Task to complete :: Using the data below, output the first line and every line after it up to and including the line containing "point where \<open>E\<close>", exactly as written and with nothing added.
============
text \<open>For a finite set \<open>D\<close> from a countable dense set of pairs and \<open>k \<in> \<nat>\<close>, the points of \<open>A\<close>
  at which no scale \<open>r < 1/(k+1)\<close> sees the rescaled graph of \<open>f\<close> within \<open>1/(k+1)\<close> of \<open>D\<close> form a
  closed set \<open>E\<close>, since \<open>f\<close> is Lipschitz. A doubling measure does not charge the porous points of
  a closed set, so almost every \<open>a\<close> is, for each of these countably many \<open>E\<close>, outside \<open>E\<close> or a
  point where \<open>E\<close> is non-porous at every ratio. At such an \<open>a\<close> take a tangent \<open>(Ahat, fhat)\<close>
  along \<open>lam j\<close>, \<open>b \<in> Ahat\<close>, and \<open>D\<close> a net of the graph of \<open>fhat\<close> around \<open>(b, fhat b)\<close>. If \<open>a \<in> E\<close>,
  pick \<open>y \<in> A\<close> whose rescaled position is near \<open>b\<close>; non-porosity yields \<open>z \<in> E\<close> with \<open>|z - y|\<close>
  much smaller than \<open>lam j\<close>, but the tangent describes the graph at \<open>z\<close> at scale \<open>lam j\<close> by \<open>D\<close>,
  contradicting \<open>z \<in> E\<close>. So each \<open>k\<close> yields a scale below \<open>1/(k+1)\<close> at which the graph at \<open>a\<close>
  looks like the translated tangent up to \<open>1/(k+1)\<close>.\<close>

lemma infdist_lessD:
  assumes "infdist x S < d" "S \<noteq> {}"
  shows "\<exists>s\<in>S. dist x s < d"
proof -
  have "(INF s\<in>S. dist x s) < d" using assms by (simp add: infdist_notempty)
  then show ?thesis using assms(2) by (subst (asm) cINF_less_iff) (auto intro: bdd_belowI[of _ 0])
qed

lemma edist_set_lessD:
  assumes "edist_set x S < ennreal \<rho>"
  shows "\<exists>s\<in>S. dist x s < \<rho>"
proof -
  have ne: "S \<noteq> {}" using assms by (auto simp: edist_set_def)
  then have "ennreal (infdist x S) < ennreal \<rho>" using assms by (simp add: edist_set_def)
  then have "infdist x S < \<rho>" by (simp add: ennreal_less_iff[OF infdist_nonneg])
  then show ?thesis using ne by (rule infdist_lessD)
qed

lemma edist_set_le: "s \<in> S \<Longrightarrow> edist_set x S \<le> ennreal (dist x s)"
  by (auto simp: edist_set_def intro!: ennreal_leI infdist_le)

lemma edist_set_le_dR_left: "x \<in> X \<Longrightarrow> norm x < R \<Longrightarrow> edist_set x Y \<le> dR R X Y"
  unfolding dR_def by (rule order_trans[OF _ max.cobounded1]) (rule SUP_upper, auto)

lemma edist_set_le_dR_right: "y \<in> Y \<Longrightarrow> norm y < R \<Longrightarrow> edist_set y X \<le> dR R X Y"
  unfolding dR_def by (rule order_trans[OF _ max.cobounded2]) (rule SUP_upper, auto)

lemma dR_leI:
  "(\<And>x. x \<in> X \<Longrightarrow> norm x < R \<Longrightarrow> edist_set x Y \<le> c) \<Longrightarrow>
   (\<And>y. y \<in> Y \<Longrightarrow> norm y < R \<Longrightarrow> edist_set y X \<le> c) \<Longrightarrow> dR R X Y \<le> c"
  unfolding dR_def by (auto intro!: SUP_least)

lemma norm_le_sum2: "(u::'a::real_normed_vector) = p + q \<Longrightarrow> norm u \<le> norm p + norm q"
  using norm_triangle_ineq[of p q] by simp

lemma norm_le_sum3: "(u::'a::real_normed_vector) = p + q + s \<Longrightarrow> norm u \<le> norm p + norm q + norm s"
  using norm_triangle_ineq[of "p + q" s] norm_triangle_ineq[of p q] by simp

lemma norm_diff_diff_less:
  fixes p w u c q :: "'a::real_normed_vector"
  assumes "norm (p - u) < \<alpha>" "norm (w - c) < \<beta>" "norm (u - c - q) < \<gamma>"
  shows "norm (p - w - q) < \<alpha> + \<beta> + \<gamma>"
proof -
  have "norm (p - w - q) \<le> norm (p - u) + norm (c - w) + norm (u - c - q)"
    by (rule norm_le_sum3) simp
  then show ?thesis using assms norm_minus_commute[of c w] by linarith
qed

section \<open>Porous sets are null for doubling measures\<close>

definition nonporous_at :: "'a::metric_space set \<Rightarrow> 'a set \<Rightarrow> real \<Rightarrow> 'a \<Rightarrow> bool" where
  "nonporous_at A E \<eta> a \<longleftrightarrow>
     (\<exists>\<delta>>0. \<forall>r. 0 < r \<longrightarrow> r < \<delta> \<longrightarrow> (\<forall>y\<in>A. dist y a < r \<longrightarrow> ball y (\<eta> * r) \<inter> E \<noteq> {}))"

lemma emeasure_UN_countable_le:
  assumes X[measurable]: "\<And>i. i \<in> I \<Longrightarrow> X i \<in> sets M" and I: "countable I"
  shows "emeasure M (\<Union>(X ` I)) \<le> (\<integral>\<^sup>+i. emeasure M (X i) \<partial>count_space I)"
proof -
  have "\<Union>(X ` I) \<in> sets M" using X I by (intro sets.countable_UN') auto
  then have "emeasure M (\<Union>(X ` I)) = (\<integral>\<^sup>+x. indicator (\<Union>(X ` I)) x \<partial>M)"
    by simp
  also have "\<dots> \<le> (\<integral>\<^sup>+x. \<integral>\<^sup>+i. indicator (X i) x \<partial>count_space I \<partial>M)"
  proof (intro nn_integral_mono)
    fix x
    show "(indicator (\<Union>(X ` I)) x :: ennreal) \<le> (\<integral>\<^sup>+i. indicator (X i) x \<partial>count_space I)"
    proof (cases "x \<in> \<Union>(X ` I)")
      case True
      then obtain j where j: "j \<in> I" "x \<in> X j" by auto
      have "(\<integral>\<^sup>+i. indicator {j} i * indicator (X i) x \<partial>count_space I)
          = (\<Sum>i\<in>{j}. indicator {j} i * indicator (X i) x :: ennreal)"
        using j by (intro nn_integral_count_space') auto
      then have "(1::ennreal) = (\<integral>\<^sup>+i. indicator {j} i * indicator (X i) x \<partial>count_space I)"
        using j by simp
      also have "\<dots> \<le> (\<integral>\<^sup>+i. indicator (X i) x \<partial>count_space I)"
        by (intro nn_integral_mono) (auto simp: indicator_def)
      finally show ?thesis using True by simp
    qed simp
  qed
  also have "\<dots> = (\<integral>\<^sup>+i. \<integral>\<^sup>+x. indicator (X i) x \<partial>M \<partial>count_space I)"
    by (rule nn_integral_count_space_nn_integral[OF I]) (auto intro: borel_measurable_indicator)
  also have "\<dots> = (\<integral>\<^sup>+i. emeasure M (X i) \<partial>count_space I)"
    by (intro nn_integral_cong) simp
  finally show ?thesis .
qed

lemma AE_notin_if_small_covers:
  assumes "\<And>\<epsilon>::real. \<epsilon> > 0 \<Longrightarrow> \<exists>V\<in>sets M. S \<subseteq> V \<and> emeasure M V \<le> ennreal \<epsilon>"
  shows "AE x in M. x \<notin> S"
proof -
  obtain V where V: "\<And>n. V n \<in> sets M" "\<And>n. S \<subseteq> V n" "\<And>n::nat. emeasure M (V n) \<le> ennreal (1 / Suc n)"
    using assms[of "1 / Suc _"] by (metis of_nat_0_less_iff divide_pos_pos zero_less_Suc zero_less_one)
  have Vs: "(\<Inter>n. V n) \<in> sets M" using V(1) by auto
  have "emeasure M (\<Inter>n. V n) \<le> 0"
  proof (rule ennreal_le_epsilon)
    fix e :: real assume "0 < e"
    then obtain n where n: "1 / real (Suc n) < e" by (metis nat_approx_posE)
    have "emeasure M (\<Inter>n. V n) \<le> emeasure M (V n)" using V(1) by (intro emeasure_mono) auto
    also have "\<dots> \<le> ennreal e" using V(3)[of n] n by (meson ennreal_leI less_imp_le order_trans)
    finally show "emeasure M (\<Inter>n. V n) \<le> 0 + ennreal e" by simp
  qed
  then have "(\<Inter>n. V n) \<in> null_sets M" using Vs by auto
  moreover have "{x \<in> space M. \<not> x \<notin> S} \<subseteq> (\<Inter>n. V n)" using V(2) by blast
  ultimately show ?thesis by (rule AE_I')
qed

lemma emeasure_thickening_diff_tendsto_0:
  fixes E B :: "'a::metric_space set"
  assumes sets: "sets \<mu> = sets borel" and "closed E" "E \<noteq> {}" "open B" "emeasure \<mu> B < \<infinity>"
  shows "(\<lambda>k. emeasure \<mu> ({x. infdist x E < 1 / Suc k} \<inter> B - E)) \<longlonglongrightarrow> 0"
proof -
  define W where "W k = {x. infdist x E < 1 / Suc k} \<inter> B - E" for k :: nat
  have W_sets: "W k \<in> sets \<mu>" for k
  proof -
    have "open {x. infdist x E < 1 / Suc k}" by (intro open_Collect_less continuous_intros)
    then show ?thesis using assms unfolding W_def sets by auto
  qed
  have "decseq W"
    unfolding decseq_def W_def by (auto simp: frac_le elim!: less_le_trans)
  moreover have "emeasure \<mu> (W k) \<noteq> \<infinity>" for k
  proof -
    have "emeasure \<mu> (W k) \<le> emeasure \<mu> B"
      using assms by (intro emeasure_mono) (auto simp: W_def sets)
    then show ?thesis using assms by (auto simp: top.not_eq_extremum)
  qed
  moreover have "(\<Inter>k. W k) = {}"
  proof (rule ccontr)
    assume "(\<Inter>k. W k) \<noteq> {}"
    then obtain x where x: "\<And>k. x \<in> W k" by auto
    have "infdist x E \<le> 0"
    proof (rule field_le_epsilon)
      fix e :: real assume "e > 0"
      then obtain k where "1 / real (Suc k) < e" by (metis nat_approx_posE)
      then show "infdist x E \<le> 0 + e" using x[of k] by (auto simp: W_def)
    qed
    then have "x \<in> E" using infdist_nonneg[of x E] in_closed_iff_infdist_zero[OF assms(2,3)] by simp
    then show False using x[of 0] by (simp add: W_def)
  qed
  ultimately have "(\<lambda>k. emeasure \<mu> (W k)) \<longlonglongrightarrow> emeasure \<mu> (\<Inter>k. W k)"
    using W_sets by (intro Lim_emeasure_decseq) auto
  then have "(\<lambda>k. emeasure \<mu> (W k)) \<longlonglongrightarrow> 0" using \<open>(\<Inter>k. W k) = {}\<close> by simp
  then show ?thesis by (simp add: W_def)
qed

lemma emeasure_ball_le_doubling_pow:
  assumes C: "\<forall>x\<in>A. \<forall>r>0. emeasure \<mu> (ball x (2 * r)) \<le> ennreal C * emeasure \<mu> (ball x r)"
    and x: "x \<in> A" and s: "s > 0"
  shows "emeasure \<mu> (ball x (2 ^ m * s)) \<le> ennreal C ^ m * emeasure \<mu> (ball x s)"
proof (induction m)
  case (Suc m)
  have "emeasure \<mu> (ball x (2 ^ Suc m * s)) = emeasure \<mu> (ball x (2 * (2 ^ m * s)))"
    by (simp add: mult.assoc)
  also have "\<dots> \<le> ennreal C * emeasure \<mu> (ball x (2 ^ m * s))" using C x s by simp
  also have "\<dots> \<le> ennreal C * (ennreal C ^ m * emeasure \<mu> (ball x s))"
    by (intro mult_left_mono Suc.IH) auto
  finally show ?case by (simp add: mult.assoc)
qed simp

lemma emeasure_ball_le_doubling_pow_offcentre:
  assumes C: "\<forall>x\<in>A. \<forall>r>0. emeasure \<mu> (ball x (2 * r)) \<le> ennreal C * emeasure \<mu> (ball x r)"
    and sets: "sets \<mu> = sets borel"
    and y: "y \<in> A" "dist y x < r" and \<eta>: "\<eta> > 0" and m: "11 < 2 ^ m * \<eta>"
  shows "emeasure \<mu> (ball x (10 * r)) \<le> ennreal C ^ m * emeasure \<mu> (ball y (\<eta> * r))"
proof -
  have r: "r > 0" using y(2) zero_le_dist[of y x] by linarith
  have "ball x (10 * r) \<subseteq> ball y (2 ^ m * (\<eta> * r))"
  proof
    fix z assume "z \<in> ball x (10 * r)"
    moreover have "11 * r < 2 ^ m * (\<eta> * r)" using m r by (simp add: mult.assoc[symmetric])
    ultimately show "z \<in> ball y (2 ^ m * (\<eta> * r))"
      using dist_triangle[of y z x] y(2) by simp
  qed
  then have "emeasure \<mu> (ball x (10 * r)) \<le> emeasure \<mu> (ball y (2 ^ m * (\<eta> * r)))"
    by (intro emeasure_mono) (auto simp: sets)
  also have "\<dots> \<le> ennreal C ^ m * emeasure \<mu> (ball y (\<eta> * r))"
    using emeasure_ball_le_doubling_pow[OF C y(1)] r \<eta> by simp
  finally show ?thesis .
qed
============
Exercise result ::
text \<open>For a finite set \<open>D\<close> from a countable dense set of pairs and \<open>k \<in> \<nat>\<close>, the points of \<open>A\<close>
  at which no scale \<open>r < 1/(k+1)\<close> sees the rescaled graph of \<open>f\<close> within \<open>1/(k+1)\<close> of \<open>D\<close> form a
  closed set \<open>E\<close>, since \<open>f\<close> is Lipschitz. A doubling measure does not charge the porous points of
  a closed set, so almost every \<open>a\<close> is, for each of these countably many \<open>E\<close>, outside \<open>E\<close> or a
  point where \<open>E\<close> is non-porous at every ratio. At such an \<open>a\<close> take a tangent \<open>(Ahat, fhat)\<close>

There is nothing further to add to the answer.